Extracted data section start

lemma integral_Phi_kernel:
  assumes "x > 0" "y > 0" "a \<ge> 0"
  shows "integral {-a..a} (\<lambda>w. cnj (Phi w x) * Phi w y)
       = complex_of_real (2 * sqrt (x * y) * integral {0..a} (\<lambda>w. rho w * cos (w * (ln x - ln y))))"
proof -
  have "continuous_on {-a..a} (\<lambda>w. cnj (Phi w x) * Phi w y)"
    unfolding Phi_def by (intro continuous_intros continuous_on_rho)
  then have "integral {-a..a} (\<lambda>w. cnj (Phi w x) * Phi w y)
      = integral {0..a} (\<lambda>w. complex_of_real (2 * sqrt (x * y) * (rho w * cos (w * (ln x - ln y)))))"
    using assms by (simp add: integral_symmetric_interval Phi_cnj_mult_add_minus)
  also have "\<dots> = complex_of_real (integral {0..a} (\<lambda>w. 2 * sqrt (x * y) * (rho w * cos (w * (ln x - ln y)))))"
    by (intro integral_unique has_integral_of_real integrable_integral integrable_continuous_real
        continuous_intros continuous_on_rho)
  finally show ?thesis by simp
qed

lemma list_inner_concat_pairs:
  "list_inner (concat (map (\<lambda>j. [a j, b j]) xs)) (concat (map (\<lambda>j. [c j, d j]) xs))
   = (\<Sum>j\<leftarrow>xs. a j * c j + b j * d j)"
  by (induction xs) (auto simp: list_inner_def)

lemma list_inner_tau_concat:
  assumes "x > 0" "y > 0"
  shows "list_inner (tau_concat \<Delta> J x) (tau_concat \<Delta> J y)
     = 2 * sqrt (x * y) * (\<Sum>j\<in>{1..J}. cos ((real j - 1/2) * \<Delta> * (ln x - ln y))
                                        * integral {(real j - 1) * \<Delta>..real j * \<Delta>} rho)"
proof -
  have pair: "fst (tau \<Delta> x w j) * fst (tau \<Delta> y w j) + snd (tau \<Delta> x w j) * snd (tau \<Delta> y w j)
      = 2 * sqrt (x * y) * (cos (w * (ln x - ln y)) * integral {(real j - 1) * \<Delta>..real j * \<Delta>} rho)"
    for w j
  proof -
    define I where "I = integral {(real j - 1) * \<Delta>..real j * \<Delta>} rho"
    have "sqrt (2 * x * I) * sqrt (2 * y * I) = 2 * sqrt (x * y) * I"
      using integral_rho_nonneg[of "(real j - 1) * \<Delta>" "real j * \<Delta>"] assms
      by (simp add: I_def real_sqrt_mult[symmetric] algebra_simps power2_eq_square[symmetric])
        (simp add: real_sqrt_mult)
    then show ?thesis
      unfolding tau_def Let_def I_def[symmetric]
      by (simp add: cos_diff right_diff_distrib algebra_simps)
  qed
  have "set [1..<J+1] = {1..J}" by auto
  then show ?thesis
    unfolding tau_concat_def Let_def list_inner_concat_pairs pair
    by (simp only: sum_set_upt_conv_sum_list_nat[symmetric] sum_distrib_left)
qed

theorem lemma5:
  fixes J :: nat and \<Delta> x y :: real
  assumes "J > 0" and "\<Delta> > 0"
    and "x \<in> {0<..1}" and "y \<in> {0<..1}"
  shows "cmod (integral {- \<Delta> * real J .. \<Delta> * real J} (\<lambda>w. cnj (Phi w x) * Phi w y)
               - complex_of_real (list_inner (tau_concat \<Delta> J x) (tau_concat \<Delta> J y)))
         \<le> 2 * \<Delta>"
proof -
  have x: "x > 0" and y: "y > 0" using assms by auto
  define K L where "K = sqrt (x * y)" and "L = ln x - ln y"
  have K: "K \<ge> 0" using x y by (simp add: K_def)
  define E where "E = integral {0..real J * \<Delta>} (\<lambda>w. rho w * cos (w * L))
      - (\<Sum>j\<in>{1..J}. cos ((real j - 1/2) * \<Delta> * L) * integral {(real j - 1) * \<Delta>..real j * \<Delta>} rho)"
  have "integral {- \<Delta> * real J .. \<Delta> * real J} (\<lambda>w. cnj (Phi w x) * Phi w y)
        - complex_of_real (list_inner (tau_concat \<Delta> J x) (tau_concat \<Delta> J y))
      = complex_of_real (2 * K * E)"
    using integral_Phi_kernel[OF x y, of "\<Delta> * real J"] list_inner_tau_concat[OF x y] assms(2)
    by (simp add: E_def K_def L_def mult.commute right_diff_distrib)
  then have "cmod (integral {- \<Delta> * real J .. \<Delta> * real J} (\<lambda>w. cnj (Phi w x) * Phi w y)
        - complex_of_real (list_inner (tau_concat \<Delta> J x) (tau_concat \<Delta> J y)))
      = 2 * K * \<bar>E\<bar>"
    using K by (simp add: norm_mult abs_mult)
  also have "\<dots> \<le> 2 * K * (\<bar>L\<bar> * \<Delta> / 2 * integral {0..real J * \<Delta>} rho)"
    unfolding E_def using K assms(2) continuous_on_rho less_imp_le[OF rho_pos]
    by (intro mult_left_mono midpoint_rule_cos_error) auto
  also have "\<dots> = (K * \<bar>L\<bar>) * \<Delta> * integral {0..real J * \<Delta>} rho"
    by simp
  also have "\<dots> \<le> 1 * \<Delta> * 2"
  proof (intro mult_mono)
    show "K * \<bar>L\<bar> \<le> 1"
      unfolding K_def L_def using assms(3,4) by (rule sqrt_mult_abs_ln_diff_le_1)
    show "integral {0..real J * \<Delta>} rho \<le> 2"
      using integral_rho_less[of "real J * \<Delta>"] assms(2) pi_less_4 by simp
  qed (use K assms(2) integral_rho_nonneg in auto)
  finally show ?thesis by simp
qed

end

Extracted data section end

§ Task requirements
Report how many lines of the entries hold the word "shows". Nothing else is needed.

§ Answer area
3